Mistake 2: Skipping the Water Bath
Skipping the water bath can result in a dry cheesecake. The steam from the water keeps the cake moist and prevents cracks. If you’re worried about leaks, double-wrap the pan in foil.
Mistake 3: Cutting Too Soon
Cutting into the cheesecake before it’s fully chilled makes a mess. Always chill it for at least 4 hours to allow the flavors to meld and the texture to set.
FAQs
Can I make this cheesecake ahead of time?
Absolutely! This cheesecake tastes even better the next day. Make it up to 2 days in advance and store it in the fridge until ready to serve.
How do I fix a cracked cheesecake?
No worries—a little ganache or whipped cream hides cracks beautifully. Just spread it evenly across the top for a polished look.
Can I use natural peanut butter?
Yes, but stir it well first. Natural peanut butter separates, which can affect the texture of your filling.

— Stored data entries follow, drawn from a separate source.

definition coherent :: "('x \<Rightarrow> real) set \<Rightarrow> bool" where
  "coherent D \<longleftrightarrow> D \<subseteq> gambles
     \<and> (\<forall>f \<in> gambles. (\<forall>x. f x \<ge> 0) \<and> f \<noteq> (\<lambda>x. 0) \<longrightarrow> f \<in> D)
     \<and> (\<forall>f \<in> D. \<forall>lam::real. lam > 0 \<longrightarrow> (\<lambda>x. lam * f x) \<in> D)
     \<and> (\<forall>f \<in> D. \<forall>g \<in> D. (\<lambda>x. f x + g x) \<in> D)
     \<and> (\<forall>f \<in> gambles. (\<forall>x. f x \<le> 0) \<longrightarrow> f \<notin> D)"

definition A12 :: "('y \<Rightarrow> real) set \<Rightarrow> 'x set set \<Rightarrow> ('x \<times> 'y \<Rightarrow> real) set" where
  "A12 D2 B1 = {(\<lambda>(x1, x2). f2 x2 * indicator B x1) | f2 B. f2 \<in> D2 \<and> B \<in> B1 \<union> {UNIV}}"

definition A21 :: "('x \<Rightarrow> real) set \<Rightarrow> 'y set set \<Rightarrow> ('x \<times> 'y \<Rightarrow> real) set" where
  "A21 D1 B2 = {(\<lambda>(x1, x2). f1 x1 * indicator B x2) | f1 B. f1 \<in> D1 \<and> B \<in> B2 \<union> {UNIV}}"

definition indep_product ::
  "('x \<Rightarrow> real) set \<Rightarrow> 'x set set \<Rightarrow> ('y \<Rightarrow> real) set \<Rightarrow> 'y set set \<Rightarrow> ('x \<times> 'y \<Rightarrow> real) set" where
  "indep_product D1 B1 D2 B2 = natext (A12 D2 B1 \<union> A21 D1 B2)"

What if I don’t have a springform pan?
You can use a regular cake pan, but line it with parchment paper for easy removal. Be gentle when lifting it out!

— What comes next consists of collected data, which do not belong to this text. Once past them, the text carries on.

lemma overtakers_paid_move_bad_to_front:
  assumes "overtakers_paid (xs @ (x, False) # ys) u C" "x \<notin> fst ` set xs" "x \<notin> fst ` set ys"
  shows "overtakers_paid ((x, False) # xs @ ys) u (\<lambda>g. C g + (length xs + 1))"
  unfolding overtakers_paid_def
proof (intro allI impI)
  fix g assume g: "(g, True) \<in> set ((x, False) # xs @ ys)"
  with assms(2,3) have "g \<noteq> x" by force
  define b where "b = bad_ahead g (xs @ (x, False) # ys)"
  from g have "(g, True) \<in> set (xs @ (x, False) # ys)" by auto
  with assms(1) have paid: "(b - u g) * (b - u g + 1) \<le> 2 * C g"
    unfolding b_def by (rule overtakers_paidD)
  show "(bad_ahead g ((x, False) # xs @ ys) - u g) *
      (bad_ahead g ((x, False) # xs @ ys) - u g + 1) \<le> 2 * (C g + (length xs + 1))"
  proof (cases "g \<in> fst ` set xs \<and> u g \<le> b")
    case True
    then have "b < length xs"
      using bad_ahead_less_length by (simp add: b_def bad_ahead_append_in)
    with True paid pronic_Suc_le[of "b - u g" "C g" "length xs + 1"] show ?thesis
      using \<open>g \<noteq> x\<close> by (simp add: bad_ahead_move_bad_to_front b_def Suc_diff_le)
  next
    case False
    then have "bad_ahead g ((x, False) # xs @ ys) - u g = b - u g"
      by (auto simp: bad_ahead_move_bad_to_front[OF \<open>g \<noteq> x\<close>] b_def)
    with paid show ?thesis by simp
  qed
qed

lemma overtakers_paid_remove:
  assumes "overtakers_paid (xs @ (x, v) # ys) u C" "x \<notin> fst ` set xs" "x \<notin> fst ` set ys"
  shows "overtakers_paid (xs @ ys) u C"
  unfolding overtakers_paid_def
proof (intro allI impI)
  fix g assume g: "(g, True) \<in> set (xs @ ys)"
  then have "(g, True) \<in> set (xs @ (x, v) # ys)" by auto
  with assms(1) have "(bad_ahead g (xs @ (x, v) # ys) - u g) *
      (bad_ahead g (xs @ (x, v) # ys) - u g + 1) \<le> 2 * C g"
    by (rule overtakers_paidD)
  moreover from g assms(2,3) have "g \<noteq> x" by force
  then have "bad_ahead g (xs @ ys) - u g \<le> bad_ahead g (xs @ (x, v) # ys) - u g"
    using bad_ahead_remove_le diff_le_mono by blast
  ultimately show "(bad_ahead g (xs @ ys) - u g) * (bad_ahead g (xs @ ys) - u g + 1) \<le> 2 * C g"
    by (meson add_le_mono1 mult_le_mono order_trans)
qed

lemma charging_good_query:
  assumes "(x, True) \<in> set s" "distinct (map fst s)" "overtakers_paid s u C"
  defines "z \<equiv> bad_ahead x s - u x"
  shows "overtakers_paid (mtf x s) (u(x := 0)) (C(x := 0))"
    and "depth x s + good_sum (mtf x s) (u(x := 0)) \<le> ngood s + good_sum s u + z"
    and "z * (z + 1) + 2 * good_sum (mtf x s) (C(x := 0)) \<le> 2 * good_sum s C"
proof -
  obtain xs ys where s: "s = xs @ (x, True) # ys" "x \<notin> fst ` set xs" "x \<notin> fst ` set ys"
    and mtf: "mtf x s = (x, True) # xs @ ys"
    and depth: "depth x s = length xs + 1" and bad: "bad_ahead x s = nbad xs"
    using split_at_present[OF assms(1,2)] .
  show "overtakers_paid (mtf x s) (u(x := 0)) (C(x := 0))"
    using overtakers_paid_move_good_to_front assms(3) s mtf by simp
  show "depth x s + good_sum (mtf x s) (u(x := 0)) \<le> ngood s + good_sum s u + z"
    using s mtf depth bad length_eq_nbad_plus_ngood[of xs] by (simp add: z_def)
  have "z * (z + 1) \<le> 2 * C x"
    unfolding z_def using assms(3,1) by (rule overtakers_paidD)
  then show "z * (z + 1) + 2 * good_sum (mtf x s) (C(x := 0)) \<le> 2 * good_sum s C"
    using s mtf by simp
qed

lemma charging_bad_query:
  assumes "(x, v) \<in> set s" "distinct (map fst s)" "overtakers_paid s u C"
  obtains C' where "overtakers_paid (mtf x s) u C'"
    and "good_sum (mtf x s) u = good_sum s u"
    and "good_sum (mtf x s) C' \<le> good_sum s C + ngood s * depth x s"
proof -
  obtain xs ys where s: "s = xs @ (x, v) # ys" "x \<notin> fst ` set xs" "x \<notin> fst ` set ys"
    and mtf: "mtf x s = (x, v) # xs @ ys" and depth: "depth x s = length xs + 1"
    using split_at_present[OF assms(1,2)] .
  show thesis
  proof (cases v)
    case True
    with overtakers_paid_move_good_to_front[of xs x ys u C "u x" "C x"]
    have "overtakers_paid (mtf x s) u C" using assms(3) s mtf by simp
    with that[of C] show thesis using s mtf by simp
  next
    case False
    with overtakers_paid_move_bad_to_front[of xs x ys u C]
    have "overtakers_paid (mtf x s) u (\<lambda>g. C g + depth x s)" using assms(3) s mtf depth by simp
    with that[of "\<lambda>g. C g + depth x s"] show thesis
      using s mtf False by (simp add: good_sum_plus_const)
  qed
qed

lemma charging_remove:
  assumes "(x, v) \<in> set s" "distinct (map fst s)" "overtakers_paid s u C"
  shows "overtakers_paid (remove_obj x s) u C" and "good_sum (remove_obj x s) f \<le> good_sum s f"
proof -
  obtain xs ys where s: "s = xs @ (x, v) # ys" "x \<notin> fst ` set xs" "x \<notin> fst ` set ys"
    and rem: "remove_obj x s = xs @ ys"
    using split_at_present[OF assms(1,2)] .
  show "overtakers_paid (remove_obj x s) u C"
    using overtakers_paid_remove assms(3) s rem by simp
  show "good_sum (remove_obj x s) f \<le> good_sum s f"
    using s rem by simp
qed

lemma charging_step:
  assumes "ok s r" "distinct (map fst s)" "overtakers_paid s u C"
  obtains u' C' zs where "overtakers_paid (step s r) u' C'" "length zs = good_qry_count s r"
    "good_qry_cost s r + good_sum (step s r) u'
       \<le> ngood s * length zs + good_sum s u + good_ins_cost s r + sum_list zs"
    "(\<Sum>z\<leftarrow>zs. z * (z + 1)) + 2 * good_sum (step s r) C'
       \<le> 2 * good_sum s C + 2 * ngood s * bad_cost s r"
proof (cases r)
  case (GIns x)
  with assms(1) have "x \<notin> fst ` set s" by (simp add: present_def)
  with that[of "u(x := nbad s)" "C(x := 0)" "[]"] show thesis
    using GIns assms(3) overtakers_paid_append_good length_eq_nbad_plus_ngood[of s] by simp
next
  case (BIns x)
  with that[of u C "[]"] show thesis using assms(3) overtakers_paid_append_bad by simp
next
  case (GQry x)
  with assms(1) have "(x, True) \<in> set s" by simp
  moreover from this have "present x s" by (force simp: present_def)
  ultimately show thesis
    using that[of "u(x := 0)" "C(x := 0)" "[bad_ahead x s - u x]"] GQry
      charging_good_query[OF _ assms(2,3)] by (simp add: qcost_def)
next
  case (GDel x)
  with assms(1) have "(x, True) \<in> set s" by simp
  moreover from this have "present x s" by (force simp: present_def)
  ultimately show thesis
    using that[of u C "[]"] GDel charging_remove[OF _ assms(2,3)] by (simp add: add_le_mono)
next
  case (BQry x)
  show thesis
  proof (cases "present x s")
    case True
    then obtain v where "(x, v) \<in> set s" by (auto simp: present_def)
    with charging_bad_query[OF _ assms(2,3)] obtain C' where
      "overtakers_paid (mtf x s) u C'" "good_sum (mtf x s) u = good_sum s u"
      "good_sum (mtf x s) C' \<le> good_sum s C + ngood s * depth x s" by blast
    with that[of u C' "[]"] True BQry show thesis by (simp add: qcost_def)
  qed (use that[of u C "[]"] BQry assms(3) in simp)
next
  case (BDel x)
  show thesis
  proof (cases "present x s")
    case True
    then obtain v where "(x, v) \<in> set s" by (auto simp: present_def)
    from charging_remove[OF this assms(2,3)]
    have "overtakers_paid (remove_obj x s) u C" "good_sum (remove_obj x s) u \<le> good_sum s u"
      "good_sum (remove_obj x s) C \<le> good_sum s C" by auto
    with that[of u C "[]"] True BDel show thesis by simp
  qed (use that[of u C "[]"] BDel assms(3) in simp)
qed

Why does my cheesecake taste eggy?
This happens if the eggs aren’t fully incorporated or if the cheesecake isn’t baked long enough. Beat the eggs gently and ensure the center is set before removing it from the oven.
Can I freeze this cheesecake?
Yes! Wrap it tightly and freeze for up to 2 months. Thaw in the fridge overnight before serving.
What’s the best way to slice cheesecake?
Dip your knife in hot water, then wipe it clean between slices for neat cuts. A sharp knife is key!
Can I use other candies besides Reese’s?
Of course! Try Snickers, Milky Way, or Rolos for a different twist.
Why is my crust soggy?
A soggy crust happens if the butter ratio is off or if the crust wasn’t baked long enough. Bake it for the full 10 minutes to crisp it up.
How do I know when the cheesecake is done?
The edges should be set, and the center should have a slight jiggle. It will continue to firm up as it cools.
Final Thoughts
This Reese’s Peanut Butter Cheesecake is more than just a dessert—it’s a celebration of flavors that brings joy to anyone lucky enough to try it. Whether you’re baking for loved ones or treating yourself, this recipe promises happiness in every bite. So grab your apron, gather your ingredients, and get ready to create something truly unforgettable. Happy baking!

Equipment
- Mixing Bowls
- Electric Mixer
- Spatula
- 9-inch Springform Pan
- Measuring Cups and Spoons
Ingredients
- 2 cups graham cracker crumbs
- 1/4 cup unsalted butter, melted
- 1/4 cup granulated sugar
- 1/4 teaspoon salt
- 24 oz cream cheese, softened
- 1 cup granulated sugar
- 1 cup creamy peanut butter
- 1 cup sour cream
- 1 teaspoon vanilla extract
- 3 large eggs
- 1 cup chopped Reese’s Peanut Butter Cups
- 1/2 cup chocolate chips
- 1/4 cup heavy cream
- q.s. Mini Reese’s Peanut Butter Cups for decoration
Instructions
- Preheat your oven to 325°F (163°C) and grease a 9-inch springform pan.
- Combine graham cracker crumbs, melted butter, sugar, and salt in a bowl until it resembles wet sand.
- Press the mixture firmly into the bottom of the pan and bake for 10 minutes; let cool.
- Beat cream cheese in a large bowl until silky, then add sugar and peanut butter until golden brown.
- Stir in sour cream and vanilla extract, then add eggs one at a time, mixing gently after each.
- Fold in chopped Reese’s Peanut Butter Cups, pour filling over the cooled crust, and spread evenly.
- Bake for 60-70 minutes until the edges are set and the center has a slight jiggle.
- Turn off the oven and leave the door slightly ajar for 1 hour; then chill in the fridge for at least 4 hours.
- Heat chocolate chips and heavy cream in a microwave-safe bowl until smooth and drizzle over chilled cheesecake.
- Decorate with mini Reese’s Peanut Butter Cups and slice with a warm knife.